*Exercise instructions*:
Output only the stretch of the listing that starts at the line containing "1) \<ge> lam" and ends at the line containing "obtain lo hi", reproduced exactly with both ends.

*Records shown*:
[Start of section]

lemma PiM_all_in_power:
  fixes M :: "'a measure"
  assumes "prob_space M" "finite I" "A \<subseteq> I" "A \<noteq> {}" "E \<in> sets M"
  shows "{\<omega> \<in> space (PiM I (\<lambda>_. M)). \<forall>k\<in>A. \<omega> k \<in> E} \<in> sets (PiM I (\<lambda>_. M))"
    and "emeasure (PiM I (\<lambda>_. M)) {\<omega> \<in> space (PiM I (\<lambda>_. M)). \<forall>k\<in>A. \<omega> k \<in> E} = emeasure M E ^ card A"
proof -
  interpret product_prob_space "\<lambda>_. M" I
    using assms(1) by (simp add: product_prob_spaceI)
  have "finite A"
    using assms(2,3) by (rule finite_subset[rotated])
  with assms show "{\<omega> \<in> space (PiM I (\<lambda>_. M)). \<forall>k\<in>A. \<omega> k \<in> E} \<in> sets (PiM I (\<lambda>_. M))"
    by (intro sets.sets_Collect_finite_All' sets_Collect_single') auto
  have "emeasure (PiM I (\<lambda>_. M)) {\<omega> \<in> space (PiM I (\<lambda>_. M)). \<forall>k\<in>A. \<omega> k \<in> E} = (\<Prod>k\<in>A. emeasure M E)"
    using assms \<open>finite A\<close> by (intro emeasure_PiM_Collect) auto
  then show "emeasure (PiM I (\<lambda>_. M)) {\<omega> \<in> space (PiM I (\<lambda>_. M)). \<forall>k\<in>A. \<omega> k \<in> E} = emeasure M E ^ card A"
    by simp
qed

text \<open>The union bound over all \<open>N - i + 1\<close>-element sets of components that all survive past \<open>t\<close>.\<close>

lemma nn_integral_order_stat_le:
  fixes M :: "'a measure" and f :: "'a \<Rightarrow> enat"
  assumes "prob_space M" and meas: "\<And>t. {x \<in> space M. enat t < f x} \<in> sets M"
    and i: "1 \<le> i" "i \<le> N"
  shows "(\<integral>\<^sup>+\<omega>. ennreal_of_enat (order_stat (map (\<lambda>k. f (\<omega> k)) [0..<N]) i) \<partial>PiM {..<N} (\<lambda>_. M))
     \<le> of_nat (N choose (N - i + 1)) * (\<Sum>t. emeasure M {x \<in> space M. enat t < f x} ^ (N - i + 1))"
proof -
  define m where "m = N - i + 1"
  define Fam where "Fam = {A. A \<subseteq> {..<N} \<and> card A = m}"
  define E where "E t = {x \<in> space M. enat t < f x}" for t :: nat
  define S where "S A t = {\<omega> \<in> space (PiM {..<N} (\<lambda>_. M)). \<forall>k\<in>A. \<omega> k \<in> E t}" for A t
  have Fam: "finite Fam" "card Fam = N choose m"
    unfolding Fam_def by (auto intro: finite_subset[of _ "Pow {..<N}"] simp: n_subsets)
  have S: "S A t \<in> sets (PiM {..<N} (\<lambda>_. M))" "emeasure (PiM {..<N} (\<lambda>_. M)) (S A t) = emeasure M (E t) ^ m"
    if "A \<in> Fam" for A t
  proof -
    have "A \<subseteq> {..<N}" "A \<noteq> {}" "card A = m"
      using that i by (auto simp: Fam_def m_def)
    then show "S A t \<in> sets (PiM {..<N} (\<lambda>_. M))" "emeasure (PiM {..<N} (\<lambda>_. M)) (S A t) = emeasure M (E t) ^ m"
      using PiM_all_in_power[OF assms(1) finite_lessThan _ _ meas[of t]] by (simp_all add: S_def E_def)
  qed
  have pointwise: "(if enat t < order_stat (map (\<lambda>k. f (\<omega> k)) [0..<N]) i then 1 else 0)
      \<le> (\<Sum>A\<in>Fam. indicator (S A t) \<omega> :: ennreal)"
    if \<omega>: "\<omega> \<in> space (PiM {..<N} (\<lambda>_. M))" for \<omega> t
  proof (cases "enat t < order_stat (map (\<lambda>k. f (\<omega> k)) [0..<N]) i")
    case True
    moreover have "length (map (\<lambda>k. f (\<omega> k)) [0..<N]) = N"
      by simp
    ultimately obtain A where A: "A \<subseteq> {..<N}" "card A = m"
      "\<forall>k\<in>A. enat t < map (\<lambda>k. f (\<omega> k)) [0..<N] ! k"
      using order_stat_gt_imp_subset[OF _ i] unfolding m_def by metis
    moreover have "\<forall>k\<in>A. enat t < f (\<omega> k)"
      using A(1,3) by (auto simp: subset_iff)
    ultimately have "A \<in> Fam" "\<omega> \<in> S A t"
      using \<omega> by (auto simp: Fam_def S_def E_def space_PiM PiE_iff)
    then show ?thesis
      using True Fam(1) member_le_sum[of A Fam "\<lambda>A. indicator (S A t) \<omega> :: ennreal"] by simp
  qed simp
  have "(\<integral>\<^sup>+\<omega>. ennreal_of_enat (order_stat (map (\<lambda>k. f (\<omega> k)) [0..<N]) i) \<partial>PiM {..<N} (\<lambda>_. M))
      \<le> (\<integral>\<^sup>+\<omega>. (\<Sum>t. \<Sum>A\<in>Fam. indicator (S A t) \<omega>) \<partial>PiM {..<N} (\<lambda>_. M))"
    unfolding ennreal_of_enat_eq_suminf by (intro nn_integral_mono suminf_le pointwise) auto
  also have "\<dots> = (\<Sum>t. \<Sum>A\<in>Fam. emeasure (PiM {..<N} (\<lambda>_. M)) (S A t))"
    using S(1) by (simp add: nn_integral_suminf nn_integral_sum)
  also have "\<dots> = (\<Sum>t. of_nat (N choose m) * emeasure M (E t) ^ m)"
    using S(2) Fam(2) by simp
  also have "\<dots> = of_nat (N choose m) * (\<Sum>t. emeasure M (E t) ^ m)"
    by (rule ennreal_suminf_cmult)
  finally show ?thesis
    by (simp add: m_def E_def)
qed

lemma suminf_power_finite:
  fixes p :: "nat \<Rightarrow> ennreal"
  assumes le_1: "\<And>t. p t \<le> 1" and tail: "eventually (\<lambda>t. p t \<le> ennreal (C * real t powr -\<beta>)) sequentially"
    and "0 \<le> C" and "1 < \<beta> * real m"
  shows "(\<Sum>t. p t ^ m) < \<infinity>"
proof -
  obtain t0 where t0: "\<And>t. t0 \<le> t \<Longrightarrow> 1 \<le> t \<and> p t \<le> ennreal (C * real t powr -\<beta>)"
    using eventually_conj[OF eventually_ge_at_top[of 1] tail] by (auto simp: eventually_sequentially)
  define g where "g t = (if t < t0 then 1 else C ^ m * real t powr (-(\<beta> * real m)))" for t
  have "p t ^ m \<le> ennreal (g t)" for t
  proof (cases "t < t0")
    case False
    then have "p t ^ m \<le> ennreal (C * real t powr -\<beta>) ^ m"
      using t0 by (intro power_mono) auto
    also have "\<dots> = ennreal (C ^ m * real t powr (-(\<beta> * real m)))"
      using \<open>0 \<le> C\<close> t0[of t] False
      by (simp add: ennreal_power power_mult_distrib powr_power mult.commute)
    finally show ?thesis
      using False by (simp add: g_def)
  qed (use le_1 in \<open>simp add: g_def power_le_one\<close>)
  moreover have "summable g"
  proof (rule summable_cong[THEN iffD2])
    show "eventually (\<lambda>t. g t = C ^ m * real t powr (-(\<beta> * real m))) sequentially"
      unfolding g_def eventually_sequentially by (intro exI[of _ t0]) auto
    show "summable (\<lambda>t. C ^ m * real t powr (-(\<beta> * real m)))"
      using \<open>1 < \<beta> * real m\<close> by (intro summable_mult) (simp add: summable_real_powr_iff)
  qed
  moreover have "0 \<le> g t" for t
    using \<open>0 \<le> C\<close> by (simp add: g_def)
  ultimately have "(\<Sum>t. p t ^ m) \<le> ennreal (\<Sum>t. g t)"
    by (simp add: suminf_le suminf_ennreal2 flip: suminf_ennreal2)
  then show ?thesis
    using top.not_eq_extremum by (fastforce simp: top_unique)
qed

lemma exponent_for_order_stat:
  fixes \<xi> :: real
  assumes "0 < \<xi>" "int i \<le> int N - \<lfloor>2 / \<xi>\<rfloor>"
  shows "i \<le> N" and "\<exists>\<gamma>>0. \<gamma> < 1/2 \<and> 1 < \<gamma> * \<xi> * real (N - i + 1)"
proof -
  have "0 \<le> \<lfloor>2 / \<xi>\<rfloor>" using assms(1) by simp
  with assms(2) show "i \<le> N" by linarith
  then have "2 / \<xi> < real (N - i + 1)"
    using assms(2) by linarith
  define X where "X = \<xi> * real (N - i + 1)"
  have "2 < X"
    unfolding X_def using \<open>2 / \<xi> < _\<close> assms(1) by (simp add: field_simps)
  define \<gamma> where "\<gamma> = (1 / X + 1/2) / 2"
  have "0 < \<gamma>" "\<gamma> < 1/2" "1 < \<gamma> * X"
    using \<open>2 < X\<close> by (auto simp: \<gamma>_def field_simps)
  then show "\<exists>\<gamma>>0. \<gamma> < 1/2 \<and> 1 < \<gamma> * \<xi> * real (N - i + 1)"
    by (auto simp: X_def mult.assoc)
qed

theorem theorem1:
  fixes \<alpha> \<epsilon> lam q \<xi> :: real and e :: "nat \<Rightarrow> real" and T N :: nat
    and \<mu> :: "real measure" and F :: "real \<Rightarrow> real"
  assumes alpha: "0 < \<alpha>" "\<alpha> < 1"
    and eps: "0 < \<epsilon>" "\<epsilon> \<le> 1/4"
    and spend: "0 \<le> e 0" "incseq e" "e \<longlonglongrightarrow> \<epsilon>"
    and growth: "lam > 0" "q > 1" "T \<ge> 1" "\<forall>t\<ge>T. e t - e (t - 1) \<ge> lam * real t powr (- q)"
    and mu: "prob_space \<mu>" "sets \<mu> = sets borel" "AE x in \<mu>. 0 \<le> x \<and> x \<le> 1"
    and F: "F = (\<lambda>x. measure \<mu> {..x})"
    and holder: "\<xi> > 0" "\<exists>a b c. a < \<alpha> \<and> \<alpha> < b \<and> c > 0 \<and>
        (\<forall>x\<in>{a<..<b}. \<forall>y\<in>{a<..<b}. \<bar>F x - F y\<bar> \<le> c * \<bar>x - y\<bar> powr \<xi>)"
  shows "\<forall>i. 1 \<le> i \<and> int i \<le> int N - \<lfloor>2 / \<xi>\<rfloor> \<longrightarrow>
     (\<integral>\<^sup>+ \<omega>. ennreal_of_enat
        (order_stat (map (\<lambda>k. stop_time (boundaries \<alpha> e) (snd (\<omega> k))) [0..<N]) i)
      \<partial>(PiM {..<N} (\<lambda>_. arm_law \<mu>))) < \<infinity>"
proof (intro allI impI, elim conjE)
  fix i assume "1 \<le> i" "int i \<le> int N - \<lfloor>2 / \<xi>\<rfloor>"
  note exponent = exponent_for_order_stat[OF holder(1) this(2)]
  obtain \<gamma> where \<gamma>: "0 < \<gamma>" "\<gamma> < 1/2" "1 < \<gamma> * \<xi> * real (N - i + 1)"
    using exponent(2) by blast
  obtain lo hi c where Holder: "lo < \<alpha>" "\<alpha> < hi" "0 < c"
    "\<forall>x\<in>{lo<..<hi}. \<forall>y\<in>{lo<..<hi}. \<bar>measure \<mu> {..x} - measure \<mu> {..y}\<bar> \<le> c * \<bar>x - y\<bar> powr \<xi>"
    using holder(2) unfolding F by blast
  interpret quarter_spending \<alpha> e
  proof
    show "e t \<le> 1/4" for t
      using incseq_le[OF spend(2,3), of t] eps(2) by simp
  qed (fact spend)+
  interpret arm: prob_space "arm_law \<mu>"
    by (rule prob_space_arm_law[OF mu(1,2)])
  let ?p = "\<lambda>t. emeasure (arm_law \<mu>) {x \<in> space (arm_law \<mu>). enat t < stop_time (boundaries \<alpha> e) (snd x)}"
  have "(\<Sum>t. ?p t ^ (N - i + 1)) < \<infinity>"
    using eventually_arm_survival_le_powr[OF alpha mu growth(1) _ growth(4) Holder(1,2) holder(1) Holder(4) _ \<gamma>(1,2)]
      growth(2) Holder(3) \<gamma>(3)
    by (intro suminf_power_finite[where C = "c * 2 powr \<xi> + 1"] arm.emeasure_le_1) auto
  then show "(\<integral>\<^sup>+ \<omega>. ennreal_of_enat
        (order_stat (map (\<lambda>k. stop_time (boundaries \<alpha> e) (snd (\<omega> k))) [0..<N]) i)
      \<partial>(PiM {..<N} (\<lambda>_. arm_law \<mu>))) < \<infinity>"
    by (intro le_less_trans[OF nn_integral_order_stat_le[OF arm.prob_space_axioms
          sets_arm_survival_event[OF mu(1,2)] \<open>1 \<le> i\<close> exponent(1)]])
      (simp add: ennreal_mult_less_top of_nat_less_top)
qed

[End of section]

*Response box*:
    and growth: "lam > 0" "q > 1" "T \<ge> 1" "\<forall>t\<ge>T. e t - e (t - 1) \<ge> lam * real t powr (- q)"
    and mu: "prob_space \<mu>" "sets \<mu> = sets borel" "AE x in \<mu>. 0 \<le> x \<and> x \<le> 1"
    and F: "F = (\<lambda>x. measure \<mu> {..x})"
    and holder: "\<xi> > 0" "\<exists>a b c. a < \<alpha> \<and> \<alpha> < b \<and> c > 0 \<and>
        (\<forall>x\<in>{a<..<b}. \<forall>y\<in>{a<..<b}. \<bar>F x - F y\<bar> \<le> c * \<bar>x - y\<bar> powr \<xi>)"
  shows "\<forall>i. 1 \<le> i \<and> int i \<le> int N - \<lfloor>2 / \<xi>\<rfloor> \<longrightarrow>
     (\<integral>\<^sup>+ \<omega>. ennreal_of_enat
        (order_stat (map (\<lambda>k. stop_time (boundaries \<alpha> e) (snd (\<omega> k))) [0..<N]) i)
      \<partial>(PiM {..<N} (\<lambda>_. arm_law \<mu>))) < \<infinity>"
proof (intro allI impI, elim conjE)
  fix i assume "1 \<le> i" "int i \<le> int N - \<lfloor>2 / \<xi>\<rfloor>"
  note exponent = exponent_for_order_stat[OF holder(1) this(2)]
  obtain \<gamma> where \<gamma>: "0 < \<gamma>" "\<gamma> < 1/2" "1 < \<gamma> * \<xi> * real (N - i + 1)"
    using exponent(2) by blast
  obtain lo hi c where Holder: "lo < \<alpha>" "\<alpha> < hi" "0 < c"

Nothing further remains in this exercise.